> To do
Find the word "define" in the data. Return every line where it appears.

Saved data entries:

Content starts

(* Let $q\ge 3$, $k\ge 1$ and $h\geq 2$ be integers with $h\le \lfloor q/2\rfloor$. Then $$SO(S_{q,h,k})=(2qk-8k+8)\sqrt{2}+(8k-8)\sqrt{5}.$$
   Context: For a finite simple graph $G$, $SO(G)=\sum_{uv\in E(G)}\sqrt{d_u^2+d_v^2}$, where $d_u$ is the degree of $u$ in $G$ (the Sombor index). The spiro-chain $S_{q,h,k}$ is the chain of $k$ disjoint copies $G_1,\ldots,G_k$ of the cycle $C_q$ with respect to vertices $x_i,y_i\in V(G_i)$ at distance $h$ in $G_i$; i.e. it is obtained from the disjoint union of the $k$ cycles by identifying $y_i$ with $x_{i+1}$ for $i=1,\ldots,k-1$. Thus in each cycle the distance between two consecutive contact vertices is $h$. *)

theory Defs
  imports Complex_Main
begin

definition degree :: "'a set set \<Rightarrow> 'a \<Rightarrow> nat" where
  "degree E v = card {e \<in> E. v \<in> e}"

text \<open>For an edge e = {u,v} (u \<noteq> v) the inner sum is d_u^2 + d_v^2.\<close>
definition sombor :: "'a set set \<Rightarrow> real" where
  "sombor E = (\<Sum>e\<in>E. sqrt (\<Sum>w\<in>e. (real (degree E w))^2))"

text \<open>Distance in the cycle C_q with vertex set {0..<q}, j adjacent to (j+1) mod q.\<close>
definition cyc_dist :: "nat \<Rightarrow> nat \<Rightarrow> nat \<Rightarrow> nat" where
  "cyc_dist q a b = (let d = (if a \<le> b then b - a else a - b) in min d (q - d))"

text \<open>Spiro chain: copy i (i < k) of C_q has raw vertices (i,j), j < q.
  Contact vertices x i, y i in copy i; y i is identified with x (i+1)
  for i+1 < k.  spiro_rep sends a raw vertex to its representative.\<close>
definition spiro_rep :: "nat \<Rightarrow> (nat \<Rightarrow> nat) \<Rightarrow> (nat \<Rightarrow> nat) \<Rightarrow> nat \<times> nat \<Rightarrow> nat \<times> nat" where
  "spiro_rep k x y v = (case v of (i, j) \<Rightarrow>
      if i + 1 < k \<and> j = y i then (i + 1, x (i + 1)) else (i, j))"

definition spiro_V :: "nat \<Rightarrow> nat \<Rightarrow> (nat \<Rightarrow> nat) \<Rightarrow> (nat \<Rightarrow> nat) \<Rightarrow> (nat \<times> nat) set" where
  "spiro_V q k x y = spiro_rep k x y ` ({0..<k} \<times> {0..<q})"

definition spiro_E :: "nat \<Rightarrow> nat \<Rightarrow> (nat \<Rightarrow> nat) \<Rightarrow> (nat \<Rightarrow> nat) \<Rightarrow> (nat \<times> nat) set set" where
  "spiro_E q k x y = {{spiro_rep k x y (i, j), spiro_rep k x y (i, (j + 1) mod q)} | i j. i < k \<and> j < q}"

end

theory Submission
  imports Defs
begin

text \<open>Index the edges of the spiro-chain by the edges (i,j)(i,j+1) of the k disjoint
  copies of C_q; gluing never turns such an edge into a loop or merges two of them.  A vertex
  then has twice as many incident edges as raw vertices glued into it, so the k - 1 cut vertices
  have degree 4 and all others degree 2.  As the contact vertices of one copy are at distance
  h \<ge> 2, no edge joins two cut vertices: 4(k - 1) edges contribute sqrt 20 and the remaining
  qk - 4(k - 1) edges contribute sqrt 8.\<close>

lemma cyc_dist_ge2_nonadjacent:
  assumes "a < q" "b < q" "2 \<le> cyc_dist q a b"
  shows "a \<noteq> b" "b \<noteq> Suc a mod q" "a \<noteq> Suc b mod q"
  using assms unfolding cyc_dist_def Let_def
  by (auto simp: mod_Suc split: if_splits)

lemma degree_image_edges:
  fixes f :: "'i \<Rightarrow> 'v" and \<sigma> :: "'i \<Rightarrow> 'i"
  assumes "finite I" "bij_betw \<sigma> I I" "inj_on (\<lambda>p. {f p, f (\<sigma> p)}) I"
    and "\<And>p. p \<in> I \<Longrightarrow> f p \<noteq> f (\<sigma> p)"
  shows "degree ((\<lambda>p. {f p, f (\<sigma> p)}) ` I) v = 2 * card {p \<in> I. f p = v}"
proof -
  define A where "A = {p \<in> I. f p = v}"
  define B where "B = {p \<in> I. \<sigma> p \<in> A}"
  have "{e \<in> (\<lambda>p. {f p, f (\<sigma> p)}) ` I. v \<in> e} = (\<lambda>p. {f p, f (\<sigma> p)}) ` (A \<union> B)"
    using assms(2) by (auto simp: A_def B_def bij_betw_def)
  moreover have "inj_on (\<lambda>p. {f p, f (\<sigma> p)}) (A \<union> B)"
    using assms(3) by (rule inj_on_subset) (auto simp: A_def B_def)
  moreover have "A \<inter> B = {}"
    using assms(4) by (auto simp: A_def B_def) (metis)
  moreover have "card B = card A"
  proof -
    have "\<sigma> ` B = A"
      using assms(2) by (auto simp: A_def B_def bij_betw_def)
    then have "bij_betw \<sigma> B A"
      using assms(2) by (rule bij_betw_subset[rotated 2]) (auto simp: B_def)
    then show ?thesis
      by (simp add: bij_betw_same_card)
  qed
  moreover have "finite A" "finite B"
    using assms(1) by (auto simp: A_def B_def)
  ultimately show ?thesis
    unfolding degree_def by (simp add: card_image card_Un_disjoint A_def)
qed

lemma sombor_image_edges:
  fixes f :: "'i \<Rightarrow> 'v" and \<sigma> :: "'i \<Rightarrow> 'i"
  assumes "finite I" "bij_betw \<sigma> I I" "inj_on (\<lambda>p. {f p, f (\<sigma> p)}) I"
    and "\<And>p. p \<in> I \<Longrightarrow> f p \<noteq> f (\<sigma> p)"
  shows "sombor ((\<lambda>p. {f p, f (\<sigma> p)}) ` I)
    = (\<Sum>p\<in>I. sqrt ((2 * real (card {p' \<in> I. f p' = f p}))\<^sup>2
                   + (2 * real (card {p' \<in> I. f p' = f (\<sigma> p)}))\<^sup>2))"
  unfolding sombor_def
  by (simp add: sum.reindex[OF assms(3)] degree_image_edges[OF assms] assms(4))

lemma sqrt_spiro_edge_term:
  fixes a b :: nat
  assumes "a + b \<le> 1"
  shows "sqrt ((2 * real (1 + a))\<^sup>2 + (2 * real (1 + b))\<^sup>2)
    = 2 * sqrt 2 + 2 * (sqrt 5 - sqrt 2) * (real a + real b)"
proof -
  have "sqrt 8 = 2 * sqrt 2" "sqrt 20 = 2 * sqrt 5"
    using real_sqrt_mult[of 4 2] real_sqrt_mult[of 4 5] by simp_all
  moreover have "a = 0 \<and> b = 0 \<or> a = 1 \<and> b = 0 \<or> a = 0 \<and> b = 1"
    using assms by auto
  ultimately show ?thesis
    by (auto simp: power2_eq_square algebra_simps)
qed

locale spiro_chain =
  fixes q k :: nat and x y :: "nat \<Rightarrow> nat"
  assumes three_le_q: "3 \<le> q"
    and contact_lt: "\<And>i. i < k \<Longrightarrow> x i < q \<and> y i < q"
    and contact_dist: "\<And>i. i < k \<Longrightarrow> 2 \<le> cyc_dist q (x i) (y i)"
begin

definition rep :: "nat \<times> nat \<Rightarrow> nat \<times> nat" where
  "rep = spiro_rep k x y"

definition succ :: "nat \<times> nat \<Rightarrow> nat \<times> nat" where
  "succ = (\<lambda>(i, j). (i, Suc j mod q))"

definition raw :: "(nat \<times> nat) set" where
  "raw = {0..<k} \<times> {0..<q}"

lemma rep_eq: "rep (i, j) = (if i + 1 < k \<and> j = y i then (i + 1, x (i + 1)) else (i, j))"
  by (simp add: rep_def spiro_rep_def)

lemma succ_eq: "succ (i, j) = (i, Suc j mod q)"
  by (simp add: succ_def)

lemma contact_nonadjacent:
  assumes "i < k"
  shows "x i \<noteq> y i" "y i \<noteq> Suc (x i) mod q" "x i \<noteq> Suc (y i) mod q"
  using cyc_dist_ge2_nonadjacent contact_lt[OF assms] contact_dist[OF assms] by auto

lemma Suc_mod_neq [simp]:
  assumes "j < q"
  shows "Suc j mod q \<noteq> j" "j \<noteq> Suc j mod q"
    and "Suc (Suc j mod q) mod q \<noteq> j" "j \<noteq> Suc (Suc j mod q) mod q"
  using assms three_le_q by (auto simp: mod_Suc)

lemma finite_raw: "finite raw"
  by (simp add: raw_def)

lemma card_raw: "card raw = q * k"
  by (simp add: raw_def)

lemma bij_succ: "bij_betw succ raw raw"
proof -
  have "inj_on succ raw"
    by (auto simp: inj_on_def succ_def raw_def mod_Suc split: if_splits)
  moreover have "p \<in> succ ` raw" if "p \<in> raw" for p
  proof -
    obtain i j where p: "p = (i, j)" "i < k" "j < q"
      using \<open>p \<in> raw\<close> by (auto simp: raw_def)
    then have "p = succ (i, (j + q - 1) mod q)" "(i, (j + q - 1) mod q) \<in> raw"
      using three_le_q by (auto simp: succ_def raw_def mod_Suc_eq)
    then show ?thesis
      by blast
  qed
  moreover have "succ ` raw \<subseteq> raw"
    using three_le_q by (auto simp: succ_def raw_def)
  ultimately show ?thesis
    by (auto simp: bij_betw_def)
qed

lemma rep_succ_neq: "p \<in> raw \<Longrightarrow> rep p \<noteq> rep (succ p)"
  using contact_nonadjacent by (cases p) (auto simp: raw_def rep_eq succ_eq)

lemma inj_on_raw_edge: "inj_on (\<lambda>p. {rep p, rep (succ p)}) raw"
proof (rule inj_onI)
  fix p p' assume "p \<in> raw" "p' \<in> raw" "{rep p, rep (succ p)} = {rep p', rep (succ p')}"
  then show "p = p'"
    using contact_lt contact_nonadjacent
    by (cases p; cases p') (auto simp: raw_def rep_eq succ_eq doubleton_eq_iff split: if_splits)
qed

lemma spiro_E_eq_image: "spiro_E q k x y = (\<lambda>p. {rep p, rep (succ p)}) ` raw"
  unfolding spiro_E_def rep_def succ_def raw_def by auto blast

definition glue_count :: "nat \<times> nat \<Rightarrow> nat" where
  "glue_count = (\<lambda>(i, j).
     (if 0 < i \<and> j = x i then 1 else 0) + (if i + 1 < k \<and> j = y i then 1 else 0))"

lemma card_rep_fiber:
  assumes "p \<in> raw"
  shows "card {p' \<in> raw. rep p' = rep p} = 1 + glue_count p"
proof -
  obtain i j where p: "p = (i, j)" "i < k" "j < q"
    using assms by (auto simp: raw_def)
  consider "i + 1 < k" "j = y i" | "0 < i" "j = x i"
    | "\<not> (i + 1 < k \<and> j = y i)" "\<not> (0 < i \<and> j = x i)"
    by blast
  then show ?thesis
  proof cases
    case 1
    then have "{p' \<in> raw. rep p' = rep p} = {(i, y i), (i + 1, x (i + 1))}"
      using p contact_lt contact_nonadjacent by (auto simp: raw_def rep_eq split: if_splits)
    then show ?thesis
      using 1 p contact_nonadjacent(1)[of i] by (auto simp: glue_count_def)
  next
    case 2
    then have "{p' \<in> raw. rep p' = rep p} = {(i - 1, y (i - 1)), (i, x i)}"
      using p contact_lt contact_nonadjacent by (auto simp: raw_def rep_eq split: if_splits)
    then show ?thesis
      using 2 p contact_nonadjacent(1)[of i] by (auto simp: glue_count_def)
  next
    case 3
    then have "{p' \<in> raw. rep p' = rep p} = {p}"
      using p contact_nonadjacent by (auto simp: raw_def rep_eq split: if_splits)
    then show ?thesis
      using 3 p by (auto simp: glue_count_def)
  qed
qed

lemma glue_count_edge_le:
  assumes "p \<in> raw"
  shows "glue_count p + glue_count (succ p) \<le> 1"
proof -
  obtain i j where "p = (i, j)" "i < k" "j < q"
    using assms by (auto simp: raw_def)
  then show ?thesis
    using contact_nonadjacent[of i] by (auto simp: glue_count_def succ_eq)
qed

lemma sum_glue_count: "(\<Sum>p\<in>raw. glue_count p) = 2 * (k - 1)"
proof -
  have row: "(\<Sum>j<q. glue_count (i, j))
      = (if 0 < i then 1 else 0) + (if i + 1 < k then 1 else 0)"
    if "i < k" for i
    using contact_lt[OF that] by (simp add: glue_count_def sum.distrib)
  have "(\<Sum>p\<in>raw. glue_count p) = (\<Sum>i<k. \<Sum>j<q. glue_count (i, j))"
    by (simp add: raw_def sum.cartesian_product atLeast0LessThan)
  also have "\<dots> = (\<Sum>i<k. (if 0 < i then 1 else 0) + (if i + 1 < k then 1 else 0))"
    using row by simp
  also have "\<dots> = (k - 1) + (k - 1)"
  proof -
    have "(\<Sum>i<n. if 0 < i then 1 else 0 :: nat) = n - 1" for n
      by (induction n) auto
    moreover have "(\<Sum>i<n. if i + 1 < k then 1 else 0 :: nat) = min n (k - 1)" for n
      by (induction n) auto
    ultimately show ?thesis
      by (simp add: sum.distrib)
  qed
  finally show ?thesis
    by simp
qed

lemma sombor_spiro_E:
  assumes "1 \<le> k"
  shows "sombor (spiro_E q k x y)
    = (2 * real q * real k - 8 * real k + 8) * sqrt 2 + (8 * real k - 8) * sqrt 5"
proof -
  let ?G = "\<Sum>p\<in>raw. real (glue_count p)"
  have "sombor (spiro_E q k x y)
      = (\<Sum>p\<in>raw. sqrt ((2 * real (card {p' \<in> raw. rep p' = rep p}))\<^sup>2
                        + (2 * real (card {p' \<in> raw. rep p' = rep (succ p)}))\<^sup>2))"
    unfolding spiro_E_eq_image
    by (rule sombor_image_edges[OF finite_raw bij_succ inj_on_raw_edge rep_succ_neq])
  also have "\<dots> = (\<Sum>p\<in>raw. 2 * sqrt 2
                      + 2 * (sqrt 5 - sqrt 2) * (real (glue_count p) + real (glue_count (succ p))))"
  proof (rule sum.cong)
    fix p assume p: "p \<in> raw"
    have succ_p: "succ p \<in> raw"
      using p bij_succ by (auto simp: bij_betw_def)
    show "sqrt ((2 * real (card {p' \<in> raw. rep p' = rep p}))\<^sup>2
                   + (2 * real (card {p' \<in> raw. rep p' = rep (succ p)}))\<^sup>2)
      = 2 * sqrt 2 + 2 * (sqrt 5 - sqrt 2) * (real (glue_count p) + real (glue_count (succ p)))"
      unfolding card_rep_fiber[OF p] card_rep_fiber[OF succ_p]
      by (rule sqrt_spiro_edge_term[OF glue_count_edge_le[OF p]])
  qed simp
  also have "\<dots> = real (card raw) * (2 * sqrt 2) + 2 * (sqrt 5 - sqrt 2) * (2 * ?G)"
    using sum.reindex_bij_betw[OF bij_succ, of "\<lambda>p. real (glue_count p)"]
    by (simp add: sum.distrib flip: sum_distrib_left)
  also have "?G = 2 * (real k - 1)"
    using assms by (simp add: sum_glue_count flip: of_nat_sum)
  finally show ?thesis
    by (simp add: card_raw algebra_simps)
qed

end

theorem mainTheorem7:
  fixes q h k :: nat and x y :: "nat \<Rightarrow> nat"
  assumes "q \<ge> 3" and "k \<ge> 1" and "h \<ge> 2" and "h \<le> q div 2"
    and "\<And>i. i < k \<Longrightarrow> x i < q \<and> y i < q \<and> cyc_dist q (x i) (y i) = h"
  shows "sombor (spiro_E q k x y)
      = (2 * real q * real k - 8 * real k + 8) * sqrt 2 + (8 * real k - 8) * sqrt 5"
proof -
  have "spiro_chain q k x y"
    using assms(1,3,5) by unfold_locales auto
  then show ?thesis
    using assms(2) by (rule spiro_chain.sombor_spiro_E)
qed

end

Content ends

> Result of this exercise
  define A where "A = {p \<in> I. f p = v}"
  define B where "B = {p \<in> I. \<sigma> p \<in> A}"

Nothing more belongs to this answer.